The MKV format also supports almost any audio format, including lossless audio like FLAC and audio container formats like Ogg. It is also compatible with Speex, a lossy audio compression format for speech. The Matroska development team is confident that future video and audio formats will also be supported, thanks to the core EBML MKV format.

Not all audio players support MKV files. VLC Player, an open source and open source cross-platform audio and video player, supports MKV format without using any special plugins or codecs. Mastroska’s CorePlayer Pro and Mobile are other options. DirectShow® based Microsoft® players can play MKV files with the Community Combined Codec Pack (CCCP) installed. A full list of players, codecs, and plugins that support MKV is available on the Matroska website at the download link.

MKV support also extends offline. Manufacturers such as Samsung® and LG® already have dedicated HDTVs and Bluray® players that support MKV streaming.

What lossless audio format should I use to store music?

I started a project to copy my large CD collection and store them. Since I care about sound quality, I decided to store them in a lossless format.

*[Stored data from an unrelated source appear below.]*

text \<open>Finite dimensionality enters only here: the entries of block i are coordinates of the
  Euclidean space real^'d, on whose unit sphere the norm of the block attains a positive
  minimum.\<close>

lemma blk_norm_lower_bound:
  fixes idx :: "nat \<Rightarrow> nat \<Rightarrow> nat \<Rightarrow> 'd::finite" and i :: nat
  defines "W \<equiv> {x :: real ^ 'd. \<forall>j. j \<notin> (\<lambda>(r, c). idx i r c) ` ({..<m} \<times> {..<n}) \<longrightarrow> x $ j = 0}"
  shows "\<exists>\<kappa>>0. \<forall>x\<in>W. \<kappa> * norm x \<le> N (blk idx m n i x)"
proof -
  let ?e = "\<lambda>(r, c). idx i r c" and ?B = "{..<m} \<times> {..<n}"
  define \<nu> where "\<nu> x = N (blk idx m n i x)" for x :: "real ^ 'd"
  have closed: "closed W"
    unfolding W_def
    by (intro closed_Collect_all closed_Collect_imp) (auto intro!: closed_Collect_eq continuous_intros)
  have W_scale: "a *\<^sub>R x \<in> W" if "x \<in> W" for a x
    using that by (simp add: W_def)
  have continuous: "continuous_on UNIV \<nu>"
    unfolding \<nu>_def by (rule convex_on_continuous[OF open_UNIV convex_on_blk])
  have homogeneous: "\<nu> (a *\<^sub>R x) = \<bar>a\<bar> * \<nu> x" for a x
    by (simp add: \<nu>_def blk_scaleR scale blk_in_matsp)
  have positive: "0 < \<nu> x" if "x \<in> W" "x \<noteq> 0" for x
  proof -
    have "blk idx m n i x \<noteq> (\<lambda>_ _. 0)"
    proof
      assume "blk idx m n i x = (\<lambda>_ _. 0)"
      then have "x $ idx i r c = 0" if "r < m" "c < n" for r c
        using that fun_cong[OF fun_cong[of _ _ r], of _ _ c] by (fastforce simp: blk_def)
      then have "x $ j = 0" for j
        using \<open>x \<in> W\<close> unfolding W_def by (cases "j \<in> ?e ` ?B") auto
      then have "x = 0"
        by (simp add: vec_eq_iff)
      with \<open>x \<noteq> 0\<close> show False ..
    qed
    then have "\<nu> x \<noteq> 0"
      unfolding \<nu>_def using eq_0_iff[OF blk_in_matsp] by blast
    then show ?thesis
      unfolding \<nu>_def using nonneg[OF blk_in_matsp] by (simp add: less_le)
  qed
  obtain \<kappa> where "0 < \<kappa>" and "\<And>x. x \<in> W \<Longrightarrow> \<kappa> * norm x \<le> \<nu> x"
    using positive_homogeneous_lower_bound[OF closed W_scale continuous homogeneous positive] by blast
  then show ?thesis
    unfolding \<nu>_def by blast
qed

Right now I have tried using FLAC. However, reading this article gives me some doubts.

I have considered using vApple Lossless Files (m4a). It looks like Apple will support this format for years to come. However, I have not found a way to play them on my Playstation 3. The m4a format is compatible with Mac (of course) and on Windows FLAC, on the other hand, it is compatible with all major platforms. The advantage of the m4a format is the ability to import into iTunes. Today I connect my NAS and use VLC for playback (on my Mac computer).

My family has a Synology NAS, Mac Book Pro, Sony PS3, and several Windows computers. So I want to be able to play audio on all these platforms. Synology Server can transcode some formats like FLAC.

What lossless format do you recommend I use to store my audio files on my NAS? It should be a playable format on most platforms. This should be forward looking, but I understand that it is difficult to predict what will continue for many years to come.

One solution would be to keep my FLAC files. You could use them as long as FLAC is supported. When another fantastic lossless format comes out, I’ll have to convert them. As long as it is a lossless format, the sound quality is preserved.